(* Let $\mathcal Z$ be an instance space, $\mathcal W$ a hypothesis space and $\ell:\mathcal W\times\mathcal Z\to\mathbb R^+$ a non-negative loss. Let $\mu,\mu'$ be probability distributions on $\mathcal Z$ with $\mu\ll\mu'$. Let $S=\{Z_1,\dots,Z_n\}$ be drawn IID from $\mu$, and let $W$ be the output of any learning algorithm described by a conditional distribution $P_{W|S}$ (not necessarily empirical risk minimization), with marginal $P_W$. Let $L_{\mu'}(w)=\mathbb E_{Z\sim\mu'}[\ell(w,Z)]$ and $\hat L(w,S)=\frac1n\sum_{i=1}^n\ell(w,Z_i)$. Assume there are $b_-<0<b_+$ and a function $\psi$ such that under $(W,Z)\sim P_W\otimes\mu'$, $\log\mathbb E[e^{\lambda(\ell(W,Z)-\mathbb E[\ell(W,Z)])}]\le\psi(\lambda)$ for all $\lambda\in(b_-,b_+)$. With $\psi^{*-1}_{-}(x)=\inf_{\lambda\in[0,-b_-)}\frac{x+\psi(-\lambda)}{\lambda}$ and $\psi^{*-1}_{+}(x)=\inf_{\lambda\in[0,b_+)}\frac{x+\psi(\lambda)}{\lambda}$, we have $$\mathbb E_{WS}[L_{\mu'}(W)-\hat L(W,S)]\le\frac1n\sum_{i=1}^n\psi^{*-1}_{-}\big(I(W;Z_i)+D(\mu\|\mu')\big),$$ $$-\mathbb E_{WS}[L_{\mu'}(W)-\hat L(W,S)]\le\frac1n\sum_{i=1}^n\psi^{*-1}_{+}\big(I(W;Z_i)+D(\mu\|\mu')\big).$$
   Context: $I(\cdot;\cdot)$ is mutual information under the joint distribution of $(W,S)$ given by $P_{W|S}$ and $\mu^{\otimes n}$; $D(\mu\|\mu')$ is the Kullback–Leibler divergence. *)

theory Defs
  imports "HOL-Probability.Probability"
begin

• • • • • • •

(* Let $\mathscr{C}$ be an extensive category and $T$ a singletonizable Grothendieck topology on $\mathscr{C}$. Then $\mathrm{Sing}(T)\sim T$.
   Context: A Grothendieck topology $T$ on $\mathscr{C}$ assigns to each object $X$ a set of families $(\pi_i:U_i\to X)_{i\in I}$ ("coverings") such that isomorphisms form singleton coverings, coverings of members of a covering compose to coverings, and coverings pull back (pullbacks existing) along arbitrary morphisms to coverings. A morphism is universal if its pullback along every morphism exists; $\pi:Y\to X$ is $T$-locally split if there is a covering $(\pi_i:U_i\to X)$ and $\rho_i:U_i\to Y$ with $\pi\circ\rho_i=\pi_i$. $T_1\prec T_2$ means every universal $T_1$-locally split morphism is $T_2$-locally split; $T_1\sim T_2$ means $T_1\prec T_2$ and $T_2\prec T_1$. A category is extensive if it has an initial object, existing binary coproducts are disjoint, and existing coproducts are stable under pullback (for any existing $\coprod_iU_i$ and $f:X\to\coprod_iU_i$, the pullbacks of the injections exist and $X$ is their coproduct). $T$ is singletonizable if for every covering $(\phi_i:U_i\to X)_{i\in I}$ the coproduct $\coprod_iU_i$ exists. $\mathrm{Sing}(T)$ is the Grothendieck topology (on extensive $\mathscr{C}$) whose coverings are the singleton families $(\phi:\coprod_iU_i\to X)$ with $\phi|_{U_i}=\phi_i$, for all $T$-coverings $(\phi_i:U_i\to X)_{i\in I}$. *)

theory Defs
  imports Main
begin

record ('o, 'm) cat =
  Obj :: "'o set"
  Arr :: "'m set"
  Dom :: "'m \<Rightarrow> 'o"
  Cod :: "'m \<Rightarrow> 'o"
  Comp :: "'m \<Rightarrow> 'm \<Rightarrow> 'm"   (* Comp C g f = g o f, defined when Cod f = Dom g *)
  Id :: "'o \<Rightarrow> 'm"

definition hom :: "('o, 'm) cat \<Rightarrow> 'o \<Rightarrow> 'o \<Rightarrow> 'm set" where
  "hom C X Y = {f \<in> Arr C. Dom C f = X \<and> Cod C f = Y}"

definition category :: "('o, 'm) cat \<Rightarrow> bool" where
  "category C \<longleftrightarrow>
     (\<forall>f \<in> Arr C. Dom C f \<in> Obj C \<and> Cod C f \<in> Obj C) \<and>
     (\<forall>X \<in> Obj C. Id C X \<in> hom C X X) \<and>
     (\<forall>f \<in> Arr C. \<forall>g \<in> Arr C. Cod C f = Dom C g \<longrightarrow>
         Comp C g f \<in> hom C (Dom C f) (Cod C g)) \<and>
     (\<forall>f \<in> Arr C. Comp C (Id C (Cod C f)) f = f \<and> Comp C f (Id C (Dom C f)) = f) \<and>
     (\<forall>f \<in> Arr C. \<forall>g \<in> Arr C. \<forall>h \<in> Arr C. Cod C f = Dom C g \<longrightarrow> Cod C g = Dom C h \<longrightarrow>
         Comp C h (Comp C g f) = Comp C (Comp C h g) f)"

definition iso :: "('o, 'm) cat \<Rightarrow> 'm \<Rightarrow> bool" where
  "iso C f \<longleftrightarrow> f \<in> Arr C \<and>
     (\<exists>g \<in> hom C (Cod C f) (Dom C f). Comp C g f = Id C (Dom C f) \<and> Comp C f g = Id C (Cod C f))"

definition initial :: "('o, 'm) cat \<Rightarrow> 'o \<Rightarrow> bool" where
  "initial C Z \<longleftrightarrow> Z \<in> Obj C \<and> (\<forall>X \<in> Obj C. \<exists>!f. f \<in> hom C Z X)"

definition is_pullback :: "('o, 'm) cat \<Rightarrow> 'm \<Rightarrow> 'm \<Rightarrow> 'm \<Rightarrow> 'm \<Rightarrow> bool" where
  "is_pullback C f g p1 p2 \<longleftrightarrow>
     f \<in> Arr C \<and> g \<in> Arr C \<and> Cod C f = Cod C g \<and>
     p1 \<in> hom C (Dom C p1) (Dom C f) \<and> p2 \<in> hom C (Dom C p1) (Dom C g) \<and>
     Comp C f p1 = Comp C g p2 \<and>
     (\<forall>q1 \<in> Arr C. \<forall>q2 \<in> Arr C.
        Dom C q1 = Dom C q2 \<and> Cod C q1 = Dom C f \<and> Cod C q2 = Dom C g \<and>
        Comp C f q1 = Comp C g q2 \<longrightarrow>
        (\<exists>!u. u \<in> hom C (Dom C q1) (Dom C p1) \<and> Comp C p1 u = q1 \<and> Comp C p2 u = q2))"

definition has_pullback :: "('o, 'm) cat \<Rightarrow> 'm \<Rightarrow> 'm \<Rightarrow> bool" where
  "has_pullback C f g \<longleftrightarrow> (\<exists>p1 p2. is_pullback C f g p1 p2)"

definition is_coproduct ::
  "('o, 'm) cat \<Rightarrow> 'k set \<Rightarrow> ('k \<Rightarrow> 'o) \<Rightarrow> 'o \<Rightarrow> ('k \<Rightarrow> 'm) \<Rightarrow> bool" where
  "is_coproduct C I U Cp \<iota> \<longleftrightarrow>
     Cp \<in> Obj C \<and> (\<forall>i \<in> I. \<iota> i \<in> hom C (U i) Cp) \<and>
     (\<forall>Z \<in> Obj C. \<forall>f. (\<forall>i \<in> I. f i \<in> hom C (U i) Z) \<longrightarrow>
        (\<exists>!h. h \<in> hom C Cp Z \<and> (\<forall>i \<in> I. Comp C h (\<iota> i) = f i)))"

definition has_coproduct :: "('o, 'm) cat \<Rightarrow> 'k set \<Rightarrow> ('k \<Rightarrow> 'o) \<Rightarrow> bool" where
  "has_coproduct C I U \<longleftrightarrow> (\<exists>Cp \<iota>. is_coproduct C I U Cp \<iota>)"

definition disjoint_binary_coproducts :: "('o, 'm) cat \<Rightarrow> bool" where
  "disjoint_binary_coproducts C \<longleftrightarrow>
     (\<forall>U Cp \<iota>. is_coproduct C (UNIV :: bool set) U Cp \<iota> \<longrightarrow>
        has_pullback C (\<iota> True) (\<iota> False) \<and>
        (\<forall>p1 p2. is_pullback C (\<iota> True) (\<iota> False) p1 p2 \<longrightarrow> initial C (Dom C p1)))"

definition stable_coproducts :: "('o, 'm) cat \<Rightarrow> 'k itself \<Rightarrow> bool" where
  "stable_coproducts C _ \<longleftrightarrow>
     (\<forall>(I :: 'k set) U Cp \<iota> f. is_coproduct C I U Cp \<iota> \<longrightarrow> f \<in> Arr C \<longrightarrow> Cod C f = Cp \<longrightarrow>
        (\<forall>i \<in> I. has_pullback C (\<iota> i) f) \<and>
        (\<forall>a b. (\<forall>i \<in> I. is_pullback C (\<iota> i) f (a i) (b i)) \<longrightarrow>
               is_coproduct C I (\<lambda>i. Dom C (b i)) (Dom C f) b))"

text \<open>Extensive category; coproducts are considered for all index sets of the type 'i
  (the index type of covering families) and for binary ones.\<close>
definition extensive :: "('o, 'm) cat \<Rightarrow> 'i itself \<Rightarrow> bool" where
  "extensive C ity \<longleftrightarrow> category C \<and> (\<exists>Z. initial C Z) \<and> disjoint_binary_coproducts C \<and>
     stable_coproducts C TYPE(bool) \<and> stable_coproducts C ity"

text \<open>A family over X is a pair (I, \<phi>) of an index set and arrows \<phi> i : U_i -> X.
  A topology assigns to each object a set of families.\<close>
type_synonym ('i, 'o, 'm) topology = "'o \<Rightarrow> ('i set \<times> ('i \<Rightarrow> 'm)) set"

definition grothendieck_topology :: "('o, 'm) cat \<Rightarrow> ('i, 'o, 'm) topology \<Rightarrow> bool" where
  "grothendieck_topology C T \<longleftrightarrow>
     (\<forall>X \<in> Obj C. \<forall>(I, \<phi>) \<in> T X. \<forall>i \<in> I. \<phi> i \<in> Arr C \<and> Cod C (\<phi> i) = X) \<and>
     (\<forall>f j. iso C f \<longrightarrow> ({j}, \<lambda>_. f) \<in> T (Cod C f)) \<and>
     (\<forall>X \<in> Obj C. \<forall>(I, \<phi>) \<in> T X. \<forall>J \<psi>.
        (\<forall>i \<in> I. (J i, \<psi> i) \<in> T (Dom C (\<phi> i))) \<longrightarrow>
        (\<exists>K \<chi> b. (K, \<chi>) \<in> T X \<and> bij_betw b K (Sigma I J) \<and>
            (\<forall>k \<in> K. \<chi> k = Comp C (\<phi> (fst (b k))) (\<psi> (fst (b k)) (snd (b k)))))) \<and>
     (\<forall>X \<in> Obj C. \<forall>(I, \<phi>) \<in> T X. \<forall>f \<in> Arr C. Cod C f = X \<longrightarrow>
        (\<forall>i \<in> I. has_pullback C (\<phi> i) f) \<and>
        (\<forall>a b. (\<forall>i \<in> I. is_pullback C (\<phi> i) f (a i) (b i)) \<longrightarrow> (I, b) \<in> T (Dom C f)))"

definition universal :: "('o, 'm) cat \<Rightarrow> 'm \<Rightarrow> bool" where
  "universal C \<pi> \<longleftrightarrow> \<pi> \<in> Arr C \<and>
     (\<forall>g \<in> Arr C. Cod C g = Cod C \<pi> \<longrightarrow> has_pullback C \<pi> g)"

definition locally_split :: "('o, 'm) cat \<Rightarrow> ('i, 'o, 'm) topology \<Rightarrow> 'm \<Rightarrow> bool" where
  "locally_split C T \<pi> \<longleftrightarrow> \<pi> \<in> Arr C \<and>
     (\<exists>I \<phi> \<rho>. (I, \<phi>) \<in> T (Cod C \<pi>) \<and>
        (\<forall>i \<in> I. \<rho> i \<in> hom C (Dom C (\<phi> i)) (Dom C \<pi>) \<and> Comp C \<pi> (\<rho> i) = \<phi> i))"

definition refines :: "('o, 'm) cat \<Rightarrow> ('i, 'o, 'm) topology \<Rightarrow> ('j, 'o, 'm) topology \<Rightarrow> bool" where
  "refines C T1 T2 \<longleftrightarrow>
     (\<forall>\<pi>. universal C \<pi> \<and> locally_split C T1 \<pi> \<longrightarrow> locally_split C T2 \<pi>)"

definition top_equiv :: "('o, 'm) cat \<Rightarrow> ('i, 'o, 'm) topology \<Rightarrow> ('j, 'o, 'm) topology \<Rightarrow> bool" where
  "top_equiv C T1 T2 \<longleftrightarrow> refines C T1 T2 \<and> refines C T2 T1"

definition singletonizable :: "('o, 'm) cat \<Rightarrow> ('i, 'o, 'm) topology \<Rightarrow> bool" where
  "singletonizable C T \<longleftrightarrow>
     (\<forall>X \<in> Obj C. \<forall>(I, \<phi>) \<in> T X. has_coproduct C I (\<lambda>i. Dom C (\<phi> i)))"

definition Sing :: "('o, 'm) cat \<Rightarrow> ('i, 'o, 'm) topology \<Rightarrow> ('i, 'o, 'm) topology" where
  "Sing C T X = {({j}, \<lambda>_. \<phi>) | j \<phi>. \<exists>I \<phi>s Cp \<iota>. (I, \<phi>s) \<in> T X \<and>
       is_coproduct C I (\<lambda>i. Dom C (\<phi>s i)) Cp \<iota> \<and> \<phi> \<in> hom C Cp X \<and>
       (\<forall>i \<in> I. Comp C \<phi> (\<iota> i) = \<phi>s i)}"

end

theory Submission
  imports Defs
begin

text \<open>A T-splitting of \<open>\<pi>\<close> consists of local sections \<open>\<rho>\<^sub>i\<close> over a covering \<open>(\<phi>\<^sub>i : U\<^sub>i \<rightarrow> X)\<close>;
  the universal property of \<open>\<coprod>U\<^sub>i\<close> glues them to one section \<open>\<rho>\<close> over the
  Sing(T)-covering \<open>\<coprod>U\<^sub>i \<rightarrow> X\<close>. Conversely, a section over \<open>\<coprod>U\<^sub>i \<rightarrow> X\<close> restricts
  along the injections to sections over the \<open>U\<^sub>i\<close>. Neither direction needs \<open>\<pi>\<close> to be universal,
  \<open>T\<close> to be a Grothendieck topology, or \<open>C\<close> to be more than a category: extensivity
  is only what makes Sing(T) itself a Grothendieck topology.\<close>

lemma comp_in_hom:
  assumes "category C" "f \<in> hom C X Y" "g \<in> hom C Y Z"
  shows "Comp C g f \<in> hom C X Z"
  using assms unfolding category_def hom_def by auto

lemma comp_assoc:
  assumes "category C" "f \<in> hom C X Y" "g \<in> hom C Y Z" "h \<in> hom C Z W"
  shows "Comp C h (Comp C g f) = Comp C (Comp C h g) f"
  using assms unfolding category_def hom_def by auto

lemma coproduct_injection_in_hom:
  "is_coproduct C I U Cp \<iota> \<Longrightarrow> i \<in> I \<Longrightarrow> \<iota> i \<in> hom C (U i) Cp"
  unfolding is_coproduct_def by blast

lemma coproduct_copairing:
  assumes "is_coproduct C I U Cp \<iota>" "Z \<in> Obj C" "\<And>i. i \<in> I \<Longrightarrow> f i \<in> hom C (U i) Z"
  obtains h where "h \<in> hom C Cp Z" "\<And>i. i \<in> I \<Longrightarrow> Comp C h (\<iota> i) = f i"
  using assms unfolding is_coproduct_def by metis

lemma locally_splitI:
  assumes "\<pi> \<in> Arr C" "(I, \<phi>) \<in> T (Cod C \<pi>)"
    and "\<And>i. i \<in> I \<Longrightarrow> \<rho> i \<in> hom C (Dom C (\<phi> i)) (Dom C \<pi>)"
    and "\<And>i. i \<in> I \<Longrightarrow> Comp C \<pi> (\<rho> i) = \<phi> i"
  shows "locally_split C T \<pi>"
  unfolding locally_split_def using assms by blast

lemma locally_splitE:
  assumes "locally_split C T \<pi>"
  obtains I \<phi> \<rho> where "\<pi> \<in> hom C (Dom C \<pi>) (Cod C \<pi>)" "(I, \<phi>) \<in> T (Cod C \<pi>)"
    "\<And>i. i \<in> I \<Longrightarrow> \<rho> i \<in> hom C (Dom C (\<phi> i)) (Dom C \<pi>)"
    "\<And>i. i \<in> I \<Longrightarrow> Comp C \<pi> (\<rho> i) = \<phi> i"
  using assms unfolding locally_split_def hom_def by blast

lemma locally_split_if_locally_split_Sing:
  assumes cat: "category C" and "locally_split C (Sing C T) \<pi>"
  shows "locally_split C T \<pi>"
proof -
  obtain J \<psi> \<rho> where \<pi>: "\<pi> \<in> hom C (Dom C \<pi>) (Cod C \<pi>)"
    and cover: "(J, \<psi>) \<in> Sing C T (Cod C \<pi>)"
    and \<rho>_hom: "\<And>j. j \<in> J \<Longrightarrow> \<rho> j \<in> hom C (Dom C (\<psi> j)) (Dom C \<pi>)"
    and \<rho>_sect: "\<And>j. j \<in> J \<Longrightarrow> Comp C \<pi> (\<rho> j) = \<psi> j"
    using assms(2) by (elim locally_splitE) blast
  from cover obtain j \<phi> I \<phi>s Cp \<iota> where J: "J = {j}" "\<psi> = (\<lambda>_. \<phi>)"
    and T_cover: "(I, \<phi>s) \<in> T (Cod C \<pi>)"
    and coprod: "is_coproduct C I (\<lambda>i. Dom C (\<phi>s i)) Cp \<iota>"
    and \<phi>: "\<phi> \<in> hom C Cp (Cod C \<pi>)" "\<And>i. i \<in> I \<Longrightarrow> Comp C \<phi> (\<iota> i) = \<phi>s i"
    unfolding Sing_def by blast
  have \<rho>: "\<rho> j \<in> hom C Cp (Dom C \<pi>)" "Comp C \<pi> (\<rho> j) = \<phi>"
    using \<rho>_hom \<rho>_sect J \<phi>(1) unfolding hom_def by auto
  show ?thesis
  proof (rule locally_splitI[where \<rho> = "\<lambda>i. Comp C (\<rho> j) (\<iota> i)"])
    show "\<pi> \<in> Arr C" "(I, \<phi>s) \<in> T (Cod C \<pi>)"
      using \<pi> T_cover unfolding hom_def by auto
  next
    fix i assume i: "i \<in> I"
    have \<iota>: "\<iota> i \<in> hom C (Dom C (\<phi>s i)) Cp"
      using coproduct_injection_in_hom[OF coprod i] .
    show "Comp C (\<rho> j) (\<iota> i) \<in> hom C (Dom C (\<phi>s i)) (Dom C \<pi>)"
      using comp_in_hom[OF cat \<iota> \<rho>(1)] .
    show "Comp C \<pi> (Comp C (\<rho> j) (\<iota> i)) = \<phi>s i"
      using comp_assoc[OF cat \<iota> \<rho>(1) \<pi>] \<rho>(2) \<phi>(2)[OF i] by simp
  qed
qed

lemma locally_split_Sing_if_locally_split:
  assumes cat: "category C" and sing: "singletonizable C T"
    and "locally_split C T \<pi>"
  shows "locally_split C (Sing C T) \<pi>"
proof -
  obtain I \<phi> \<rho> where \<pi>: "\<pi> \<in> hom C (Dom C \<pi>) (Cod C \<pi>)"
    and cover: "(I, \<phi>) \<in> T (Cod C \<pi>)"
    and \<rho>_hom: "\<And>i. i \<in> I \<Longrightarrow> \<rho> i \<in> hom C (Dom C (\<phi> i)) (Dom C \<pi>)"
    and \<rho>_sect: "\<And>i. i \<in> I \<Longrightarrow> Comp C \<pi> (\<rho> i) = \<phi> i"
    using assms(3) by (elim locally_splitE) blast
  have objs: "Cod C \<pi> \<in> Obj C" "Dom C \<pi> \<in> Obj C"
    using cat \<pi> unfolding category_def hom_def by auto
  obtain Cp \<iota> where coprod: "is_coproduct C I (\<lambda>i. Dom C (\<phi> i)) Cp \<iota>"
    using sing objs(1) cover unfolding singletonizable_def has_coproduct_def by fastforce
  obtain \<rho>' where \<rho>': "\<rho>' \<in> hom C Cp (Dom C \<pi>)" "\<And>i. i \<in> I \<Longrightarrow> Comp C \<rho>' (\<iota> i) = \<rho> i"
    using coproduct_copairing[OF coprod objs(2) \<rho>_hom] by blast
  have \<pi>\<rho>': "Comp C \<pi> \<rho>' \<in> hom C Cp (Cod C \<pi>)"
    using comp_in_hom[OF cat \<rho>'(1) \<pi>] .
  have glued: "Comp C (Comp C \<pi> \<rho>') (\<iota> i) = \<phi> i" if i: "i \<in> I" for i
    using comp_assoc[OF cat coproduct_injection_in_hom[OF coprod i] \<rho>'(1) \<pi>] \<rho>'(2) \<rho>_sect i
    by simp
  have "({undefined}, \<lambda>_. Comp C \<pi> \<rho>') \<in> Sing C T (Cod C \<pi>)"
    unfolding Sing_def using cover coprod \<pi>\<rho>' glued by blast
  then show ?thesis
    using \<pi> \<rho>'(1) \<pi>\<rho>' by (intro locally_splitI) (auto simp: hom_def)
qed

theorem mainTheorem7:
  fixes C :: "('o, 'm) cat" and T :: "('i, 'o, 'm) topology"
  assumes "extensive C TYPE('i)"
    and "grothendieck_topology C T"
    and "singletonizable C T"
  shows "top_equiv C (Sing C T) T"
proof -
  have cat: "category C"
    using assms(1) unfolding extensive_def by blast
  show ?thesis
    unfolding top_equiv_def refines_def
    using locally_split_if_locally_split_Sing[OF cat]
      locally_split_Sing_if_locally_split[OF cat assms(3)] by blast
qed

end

• • • • • • •

[WHAT TO DO]
Go through the listing above and write out exactly the lines starting with the one holding "(\<iota> i) \<in>" and running through the one holding "using comp_in_hom[OF cat \<rho>'(1)", ends included, and no others.

[FINISHED EXERCISE]
    show "Comp C (\<rho> j) (\<iota> i) \<in> hom C (Dom C (\<phi>s i)) (Dom C \<pi>)"
      using comp_in_hom[OF cat \<iota> \<rho>(1)] .
    show "Comp C \<pi> (Comp C (\<rho> j) (\<iota> i)) = \<phi>s i"
      using comp_assoc[OF cat \<iota> \<rho>(1) \<pi>] \<rho>(2) \<phi>(2)[OF i] by simp
  qed
qed

lemma locally_split_Sing_if_locally_split:
  assumes cat: "category C" and sing: "singletonizable C T"
    and "locally_split C T \<pi>"
  shows "locally_split C (Sing C T) \<pi>"
proof -
  obtain I \<phi> \<rho> where \<pi>: "\<pi> \<in> hom C (Dom C \<pi>) (Cod C \<pi>)"
    and cover: "(I, \<phi>) \<in> T (Cod C \<pi>)"
    and \<rho>_hom: "\<And>i. i \<in> I \<Longrightarrow> \<rho> i \<in> hom C (Dom C (\<phi> i)) (Dom C \<pi>)"
    and \<rho>_sect: "\<And>i. i \<in> I \<Longrightarrow> Comp C \<pi> (\<rho> i) = \<phi> i"
    using assms(3) by (elim locally_splitE) blast
  have objs: "Cod C \<pi> \<in> Obj C" "Dom C \<pi> \<in> Obj C"
    using cat \<pi> unfolding category_def hom_def by auto
  obtain Cp \<iota> where coprod: "is_coproduct C I (\<lambda>i. Dom C (\<phi> i)) Cp \<iota>"
    using sing objs(1) cover unfolding singletonizable_def has_coproduct_def by fastforce
  obtain \<rho>' where \<rho>': "\<rho>' \<in> hom C Cp (Dom C \<pi>)" "\<And>i. i \<in> I \<Longrightarrow> Comp C \<rho>' (\<iota> i) = \<rho> i"
    using coproduct_copairing[OF coprod objs(2) \<rho>_hom] by blast
  have \<pi>\<rho>': "Comp C \<pi> \<rho>' \<in> hom C Cp (Cod C \<pi>)"
    using comp_in_hom[OF cat \<rho>'(1) \<pi>] .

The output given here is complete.